Ich hab das auch ned gefunden, würde das aber auch nicht benutzen. Für DivX gibt es VirtualDub und nix anderes!


----------



## scavanger (1. Februar 2002)

das geht total einfach,

du benötigst einfach nur den divx codec und wählst dann bei schnittfenster exportieren -> film -> microsoft avi als encoder einfach divx aus. kann auch mal ein paar pix dazu posten.

christian grail


----------



## Neuk (12. Februar 2002)

*Welchen Codec dann?*

Wenn ich nicht DivX in Premiere benutzen darf (hab selbst gemerkt dass nur s****** Ergebniss dabei herauskommen), welchen Codec sollte man dann benutzen, denn ich glaube nicht dass ihr des ohne Kompression macht, schon alleine wegen der 2 GB AVI Grenze ...


----------



## fungo (12. Februar 2002)

Also ich hab mit Divx eigentlich immer klasse Ergebnisse erzielt...


----------



## Neuk (12. Februar 2002)

Bei mir ist des ein Unterschied ob ich die Videos in Premiere oder in Virtual Dub in DivX kodiere ...


----------



## tC.pa (15. Februar 2002)

sicher das du auch in beiden progs die gleichen einstellungen verwendest???? bei mir funzt das ganze ohne probs....


----------



## BubiBohnensack (4. März 2002)

DivX ist bei mir in Premiere kein Problem.
Ich speichere die Videos aber tatsächlich unkomprimiert.
Groß aber kein Qualitätsverlust zur späteren Konvertierung in ein Format, das gerade benötigt ist.
Z.b. war ein 15min Urlaubsvideo knapp 50GB groß.
Videoschnitt unter Win9x Systemen kann man wegen FAT32 doch sowieso knicken.


----------



## imbecil (5. März 2002)

Hallo alle zusammen,

habe die Erfahrung gemacht das  Premiere nur dann ohne Fehler mit dem DivX Codec arbeitet wenn ich ihn in Premiere selbst erstelle....
ansonsten hagelt es bei mir immer schwere Ausnahmefehler.
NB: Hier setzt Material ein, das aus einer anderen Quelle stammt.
(* Assume the setting below. Let $\nu\in(0,1)$, $s>0$, $\mu>0$, $\beta>0$ satisfy $10\mu\le\min(1-\nu,\nu)\,C_\ell$ and $\beta\ge 3n/s$. Let $\theta^*$ be any minimizer over $\Theta$ of $\theta\mapsto\tilde{\mathsf R}(\theta)+\mu V(\theta)+\frac{\beta}{n}K(\theta)$, let $\hat\theta$ be the $Q$-aggregation weight vector (with these $\nu,\beta,\pi$), and let $$Z_n=(P-P_n)(\tilde\ell_{\hat\theta}-\tilde\ell_{\theta^*})-\mu\sum_{j=1}^M\hat\theta_j\|f_j-f_{\theta^*}\|_2^2-\mu\,\hat\theta^\top\mathbf H\theta^*-\frac1sK(\hat\theta).$$ Then $$R(f_{\hat\theta})\le\min_{1\le j\le M}\Big[R(f_j)+\frac{\beta}{n}\log\frac1{\pi_j}\Big]+2Z_n .$$
   Context: Setting: $(X,Y)$ random pair in $\mathcal X\times\mathbb R$ with $|Y|\le b$ a.s. ($b>0$); data $\mathcal D=\{(X_i,Y_i)\}_{i=1}^n$ i.i.d. copies of $(X,Y)$; $f_1,\dots,f_M$ deterministic measurable functions with $\max_j|f_j(X)|\le b$ a.s.; $\Theta=\{\theta\in\mathbb R^M:\theta_j\ge0,\ \sum_j\theta_j=1\}$, $f_\theta=\sum_j\theta_jf_j$, $e_j$ canonical basis; $\|f\|_2=\sqrt{\mathbb E f(X)^2}$; prior $\pi$ with $\pi_j>0$, $\sum_j\pi_j=1$. Loss $\ell$ satisfies Assumption 1: for all $f,g\in[-b,b]$, $|\ell(Y,f)-\ell(Y,g)|\le C_b|f-g|$ a.s.; and a.s. $\ell(Y,\cdot)$ is strongly convex on $[-b,b]$ with modulus $C_\ell>0$, i.e. $\ell(Y,\alpha a+(1-\alpha)a')\le\alpha\ell(Y,a)+(1-\alpha)\ell(Y,a')-\frac{C_\ell}2\alpha(1-\alpha)(a-a')^2$. Risks: $R(f)=\mathbb E[\ell(Y,f(X))\mid\mathcal D]$, $R_n(f)=\frac1n\sum_i\ell(Y_i,f(X_i))$. For $g(y,x)$ (possibly data-dependent), $Pg=\mathbb E[g(Y,X)\mid\mathcal D]$ with $(X,Y)$ independent of $\mathcal D$, and $P_ng=\frac1n\sum_ig(Y_i,X_i)$. Notation: $\ell_\theta(y,x)=\ell(y,f_\theta(x))$, $\mathsf R(\theta)=\mathbb E\ell(Y,f_\theta(X))$; $\tilde\ell_\theta=(1-\nu)\ell_\theta+\nu\sum_j\theta_j\ell_{e_j}$, $\tilde{\mathsf R}(\theta)=\mathbb E\tilde\ell_\theta(Y,X)$; $K(\theta)=\sum_j\theta_j\log(1/\pi_j)$; $V(\theta)=\sum_j\theta_j\|f_j-f_\theta\|_2^2$; $\mathbf H$ is the $M\times M$ matrix with $\mathbf H_{jk}=\|f_j-f_k\|_2^2$. $Q$-aggregation: $\hat\theta$ is any minimizer over $\Theta$ of $\theta\mapsto(1-\nu)R_n(f_\theta)+\nu\sum_j\theta_jR_n(f_j)-\frac{\beta}{n}\sum_j\theta_j\log\pi_j$. *)

theory Defs
  imports "HOL-Probability.Probability"
begin
lemma constant_row_contraction:
  assumes m: "m < d" and a: "a < n m" and j: "\<And>i. i < d \<Longrightarrow> j < n i"
  shows "of_bool (j < r) * g m $$ (a, j) = of_bool (a < r) * (\<Prod>i\<in>{..<d} - {m}. g_inv i $$ (j, a))"
proof -
  have other: "(if m = 0 then 1 else 0) \<in> {..<d} - {m}"
    using three_le_d by auto
  have "(\<Prod>i\<in>{..<d} - {m}. of_bool (j = k)) = (of_bool (\<forall>i\<in>{..<d} - {m}. j = k) :: real)" for k
    by (rule prod_of_bool) simp
  also have "(\<forall>i\<in>{..<d} - {m}. j = k) \<longleftrightarrow> j = k" for k
    using other by blast
  finally have const: "(\<Prod>i\<in>{..<d} - {m}. of_bool (j = k)) = (of_bool (j = k) :: real)" for k .
  have "(\<Sum>k<r. g m $$ (a, k) * of_bool (j = k)) = of_bool (a < r) * (\<Prod>i\<in>{..<d} - {m}. g_inv i $$ (j, a))"
    using mixed_contraction[OF m a, of "\<lambda>_. j"] j unfolding const by simp
  then show ?thesis
    by (cases "j < r") (simp_all add: Int_insert_right)
qed

lemma nonconstant_rows_product_zero:
  assumes m: "m < d" and a: "a < r" and J: "\<And>i. i < d \<Longrightarrow> i \<noteq> m \<Longrightarrow> J i < n i"
    and p: "p \<in> {..<d} - {m}" and q: "q \<in> {..<d} - {m}" and "J p \<noteq> J q"
  shows "(\<Prod>i\<in>{..<d} - {m}. g_inv i $$ (J i, a)) = 0"
proof -
  have "\<exists>i\<in>{..<d} - {m}. J i \<noteq> j" for j
    using p q \<open>J p \<noteq> J q\<close> by metis
  then have zero: "(\<Prod>i\<in>{..<d} - {m}. of_bool (J i = j)) = (0 :: real)" for j
    by (simp add: prod_of_bool)
  have "of_bool (a < r) * (\<Prod>i\<in>{..<d} - {m}. g_inv i $$ (J i, a))
      = (\<Sum>j<r. g m $$ (a, j) * (\<Prod>i\<in>{..<d} - {m}. of_bool (J i = j)))"
    by (rule mixed_contraction[OF m less_r_imp_less_n[OF m a] J, symmetric])
  also have "\<dots> = 0"
    by (simp only: zero mult_zero_right sum.neutral_const)
  finally show ?thesis
    using a by simp
qed

lemma inverse_column_nonzero:
  assumes i: "i < d" and a: "a < n i"
  shows "\<exists>t<n i. g_inv i $$ (t, a) \<noteq> 0"
proof (rule ccontr)
  assume "\<not> ?thesis"
  then have "(g i * g_inv i) $$ (a, a) = 0"
    using index_mult_mat_sum[OF g_carrier[OF i] g_inv_carrier[OF i] a a] by simp
  then show False
    using g_mult_g_inv[OF i] a by simp
qed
Bereits erstellte DivX Dateien aus anderen Programmen will Premiere einfach
nicht. Ist jemanden dieses Problem bekannt?


----------



## BubiBohnensack (5. März 2002)

Ich hatte da mal dieses Problem:

Öffnen einer DivX-Datei in Premiere mit Ton (z.b. THX-Trailer)
Funktioniert alles prima. Aber wenn ich den Film / Clip dann exportieren wollte, war der Ton weg. (Und das ist beim THX-Trailer echt ******e)


----------



## scavanger (5. März 2002)

hi 2 all,

mir ist das problem auch bekannt, ich kann in premiere 6 divx files nicht mit einer mp3 kodierung exportieren nur als pcm und so. hab aber noch nicht das neue divx 5.0 installiert.


----------



## BubiBohnensack (5. März 2002)

DivX 5 hab ich mir eben gezogen. Muss mal schauen wie das läuft.


----------